• _What needs to be done_:
Among the entries below, how many lines include the string "rule"? Answer with only the number.

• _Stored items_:
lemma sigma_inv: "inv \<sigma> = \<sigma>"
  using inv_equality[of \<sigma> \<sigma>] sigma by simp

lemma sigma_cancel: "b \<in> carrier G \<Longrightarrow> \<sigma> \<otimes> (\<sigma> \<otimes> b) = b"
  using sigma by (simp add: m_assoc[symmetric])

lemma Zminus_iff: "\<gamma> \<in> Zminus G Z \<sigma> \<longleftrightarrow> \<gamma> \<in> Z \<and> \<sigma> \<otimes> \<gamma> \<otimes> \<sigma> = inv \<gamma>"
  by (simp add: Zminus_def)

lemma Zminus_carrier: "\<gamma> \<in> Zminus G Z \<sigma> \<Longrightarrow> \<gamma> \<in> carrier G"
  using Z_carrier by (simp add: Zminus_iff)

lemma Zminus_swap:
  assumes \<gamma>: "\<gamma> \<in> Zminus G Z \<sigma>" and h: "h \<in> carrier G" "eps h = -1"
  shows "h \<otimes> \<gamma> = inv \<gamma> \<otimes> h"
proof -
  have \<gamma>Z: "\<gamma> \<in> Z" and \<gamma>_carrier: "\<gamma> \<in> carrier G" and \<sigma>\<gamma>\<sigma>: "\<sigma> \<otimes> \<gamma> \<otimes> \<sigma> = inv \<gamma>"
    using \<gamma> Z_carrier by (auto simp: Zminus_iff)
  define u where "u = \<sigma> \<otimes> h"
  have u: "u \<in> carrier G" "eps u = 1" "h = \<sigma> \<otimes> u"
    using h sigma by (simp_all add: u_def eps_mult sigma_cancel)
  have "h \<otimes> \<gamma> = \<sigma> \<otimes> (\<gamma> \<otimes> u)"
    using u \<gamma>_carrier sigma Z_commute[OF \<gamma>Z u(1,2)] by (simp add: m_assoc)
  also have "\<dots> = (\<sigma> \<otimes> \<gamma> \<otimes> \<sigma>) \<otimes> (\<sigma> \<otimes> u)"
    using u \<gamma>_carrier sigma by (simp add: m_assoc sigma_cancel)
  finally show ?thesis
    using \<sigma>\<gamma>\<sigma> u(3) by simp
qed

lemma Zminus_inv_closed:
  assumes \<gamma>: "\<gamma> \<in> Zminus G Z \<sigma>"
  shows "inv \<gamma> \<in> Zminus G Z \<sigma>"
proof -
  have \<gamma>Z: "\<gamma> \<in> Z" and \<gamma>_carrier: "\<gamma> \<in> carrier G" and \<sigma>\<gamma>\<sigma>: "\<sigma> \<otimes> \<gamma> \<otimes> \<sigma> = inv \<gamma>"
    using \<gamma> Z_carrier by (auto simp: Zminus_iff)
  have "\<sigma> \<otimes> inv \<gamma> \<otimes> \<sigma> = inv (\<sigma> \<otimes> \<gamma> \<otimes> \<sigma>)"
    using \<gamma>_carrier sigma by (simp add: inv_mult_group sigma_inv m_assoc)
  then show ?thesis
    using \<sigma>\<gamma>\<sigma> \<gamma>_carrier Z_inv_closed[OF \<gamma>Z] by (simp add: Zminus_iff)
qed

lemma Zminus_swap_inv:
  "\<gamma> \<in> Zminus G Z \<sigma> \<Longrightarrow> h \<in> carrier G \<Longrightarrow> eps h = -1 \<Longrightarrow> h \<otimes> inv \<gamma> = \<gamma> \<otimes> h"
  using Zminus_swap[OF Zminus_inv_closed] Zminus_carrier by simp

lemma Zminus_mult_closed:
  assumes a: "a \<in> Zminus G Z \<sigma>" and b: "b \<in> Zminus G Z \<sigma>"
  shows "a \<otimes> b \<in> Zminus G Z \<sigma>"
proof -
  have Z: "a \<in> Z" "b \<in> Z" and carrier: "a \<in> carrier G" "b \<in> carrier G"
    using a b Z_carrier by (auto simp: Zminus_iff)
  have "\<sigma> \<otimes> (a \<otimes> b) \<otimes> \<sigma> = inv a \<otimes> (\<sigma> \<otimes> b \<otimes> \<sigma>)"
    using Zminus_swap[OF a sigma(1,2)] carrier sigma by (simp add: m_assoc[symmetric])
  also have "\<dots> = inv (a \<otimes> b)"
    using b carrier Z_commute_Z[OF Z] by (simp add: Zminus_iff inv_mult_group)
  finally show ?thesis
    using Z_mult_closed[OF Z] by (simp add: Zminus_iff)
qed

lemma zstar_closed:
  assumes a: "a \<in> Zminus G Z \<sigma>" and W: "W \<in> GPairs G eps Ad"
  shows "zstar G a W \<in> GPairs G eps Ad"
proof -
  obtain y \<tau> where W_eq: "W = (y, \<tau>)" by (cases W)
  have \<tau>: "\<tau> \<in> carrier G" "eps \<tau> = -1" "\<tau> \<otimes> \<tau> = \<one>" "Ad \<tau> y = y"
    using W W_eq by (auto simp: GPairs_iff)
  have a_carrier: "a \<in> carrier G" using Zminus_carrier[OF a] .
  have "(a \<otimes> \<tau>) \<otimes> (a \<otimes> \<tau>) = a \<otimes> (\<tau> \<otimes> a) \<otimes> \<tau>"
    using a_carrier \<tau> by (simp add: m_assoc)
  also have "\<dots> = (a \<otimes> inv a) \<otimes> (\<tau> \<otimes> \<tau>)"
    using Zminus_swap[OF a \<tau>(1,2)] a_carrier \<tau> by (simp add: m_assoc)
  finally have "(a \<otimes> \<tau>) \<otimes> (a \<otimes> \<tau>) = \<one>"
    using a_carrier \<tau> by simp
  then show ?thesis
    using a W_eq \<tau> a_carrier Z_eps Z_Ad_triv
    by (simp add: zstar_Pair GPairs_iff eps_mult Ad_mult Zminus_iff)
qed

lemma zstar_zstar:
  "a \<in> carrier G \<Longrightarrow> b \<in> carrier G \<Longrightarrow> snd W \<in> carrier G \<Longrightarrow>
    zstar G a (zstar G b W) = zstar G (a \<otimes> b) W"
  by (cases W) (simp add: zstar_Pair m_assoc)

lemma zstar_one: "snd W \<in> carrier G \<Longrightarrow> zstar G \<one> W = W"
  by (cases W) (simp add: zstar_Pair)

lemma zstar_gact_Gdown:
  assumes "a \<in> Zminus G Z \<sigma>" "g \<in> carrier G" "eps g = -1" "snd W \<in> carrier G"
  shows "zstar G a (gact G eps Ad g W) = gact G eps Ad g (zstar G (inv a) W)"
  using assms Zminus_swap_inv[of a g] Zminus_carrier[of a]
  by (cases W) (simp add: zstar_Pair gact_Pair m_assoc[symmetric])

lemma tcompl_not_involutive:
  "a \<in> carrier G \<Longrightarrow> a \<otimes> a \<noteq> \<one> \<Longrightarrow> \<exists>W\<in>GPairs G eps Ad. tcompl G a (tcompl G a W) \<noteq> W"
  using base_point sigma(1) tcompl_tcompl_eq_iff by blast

---

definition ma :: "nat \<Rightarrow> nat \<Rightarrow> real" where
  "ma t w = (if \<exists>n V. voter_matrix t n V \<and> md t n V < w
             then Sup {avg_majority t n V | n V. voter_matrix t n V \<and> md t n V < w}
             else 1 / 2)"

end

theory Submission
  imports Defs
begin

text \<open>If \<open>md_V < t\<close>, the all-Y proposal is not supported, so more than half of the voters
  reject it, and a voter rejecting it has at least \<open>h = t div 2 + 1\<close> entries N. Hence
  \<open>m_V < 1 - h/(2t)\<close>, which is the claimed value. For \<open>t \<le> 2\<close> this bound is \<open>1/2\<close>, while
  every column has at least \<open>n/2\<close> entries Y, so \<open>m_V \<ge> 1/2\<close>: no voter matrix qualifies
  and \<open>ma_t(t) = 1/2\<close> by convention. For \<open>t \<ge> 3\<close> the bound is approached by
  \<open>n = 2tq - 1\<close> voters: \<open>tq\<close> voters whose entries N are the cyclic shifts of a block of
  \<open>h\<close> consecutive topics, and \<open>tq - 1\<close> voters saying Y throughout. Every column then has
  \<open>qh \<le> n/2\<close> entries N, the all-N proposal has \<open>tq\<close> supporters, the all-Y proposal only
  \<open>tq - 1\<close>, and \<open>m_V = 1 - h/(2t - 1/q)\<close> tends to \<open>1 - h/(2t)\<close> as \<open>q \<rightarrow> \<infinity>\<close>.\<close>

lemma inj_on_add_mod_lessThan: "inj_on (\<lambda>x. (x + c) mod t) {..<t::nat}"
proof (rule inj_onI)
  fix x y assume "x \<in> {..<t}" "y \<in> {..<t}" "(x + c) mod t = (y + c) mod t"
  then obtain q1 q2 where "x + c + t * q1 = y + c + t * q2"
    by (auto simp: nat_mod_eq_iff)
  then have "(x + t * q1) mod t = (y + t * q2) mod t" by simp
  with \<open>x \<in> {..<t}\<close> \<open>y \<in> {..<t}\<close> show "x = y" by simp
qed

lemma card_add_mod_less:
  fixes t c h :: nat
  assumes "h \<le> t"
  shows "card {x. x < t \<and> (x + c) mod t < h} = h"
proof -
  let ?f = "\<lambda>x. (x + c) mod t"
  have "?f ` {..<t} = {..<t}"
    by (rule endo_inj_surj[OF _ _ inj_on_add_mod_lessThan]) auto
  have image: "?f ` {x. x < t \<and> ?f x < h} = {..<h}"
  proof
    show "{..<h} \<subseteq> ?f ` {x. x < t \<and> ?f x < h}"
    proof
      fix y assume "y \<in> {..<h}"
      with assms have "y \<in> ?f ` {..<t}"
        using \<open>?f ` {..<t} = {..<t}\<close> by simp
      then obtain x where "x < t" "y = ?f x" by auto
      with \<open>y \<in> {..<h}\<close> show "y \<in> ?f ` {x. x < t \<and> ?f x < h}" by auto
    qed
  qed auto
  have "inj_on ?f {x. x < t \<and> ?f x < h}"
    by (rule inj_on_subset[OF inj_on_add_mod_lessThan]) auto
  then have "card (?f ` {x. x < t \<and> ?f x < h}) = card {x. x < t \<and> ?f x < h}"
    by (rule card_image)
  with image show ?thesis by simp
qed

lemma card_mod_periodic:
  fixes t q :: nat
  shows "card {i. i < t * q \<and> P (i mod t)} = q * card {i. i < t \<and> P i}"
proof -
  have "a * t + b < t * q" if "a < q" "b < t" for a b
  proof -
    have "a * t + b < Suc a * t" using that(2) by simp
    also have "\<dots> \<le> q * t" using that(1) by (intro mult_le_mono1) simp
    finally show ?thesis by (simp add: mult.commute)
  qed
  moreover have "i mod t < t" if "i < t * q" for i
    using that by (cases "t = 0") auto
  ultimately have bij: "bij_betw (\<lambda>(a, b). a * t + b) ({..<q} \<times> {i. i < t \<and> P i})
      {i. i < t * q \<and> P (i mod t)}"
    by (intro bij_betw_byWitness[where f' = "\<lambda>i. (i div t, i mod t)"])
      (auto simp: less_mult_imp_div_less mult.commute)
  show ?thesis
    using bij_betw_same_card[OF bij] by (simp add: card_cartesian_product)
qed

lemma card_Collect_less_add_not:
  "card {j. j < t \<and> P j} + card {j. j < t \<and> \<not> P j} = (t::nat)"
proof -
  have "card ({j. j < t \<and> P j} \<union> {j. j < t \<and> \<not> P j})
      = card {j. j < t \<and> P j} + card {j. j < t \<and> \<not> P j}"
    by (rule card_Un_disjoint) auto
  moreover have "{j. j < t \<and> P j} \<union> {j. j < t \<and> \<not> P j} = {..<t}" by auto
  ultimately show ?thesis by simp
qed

• _Output for this exercise_:
5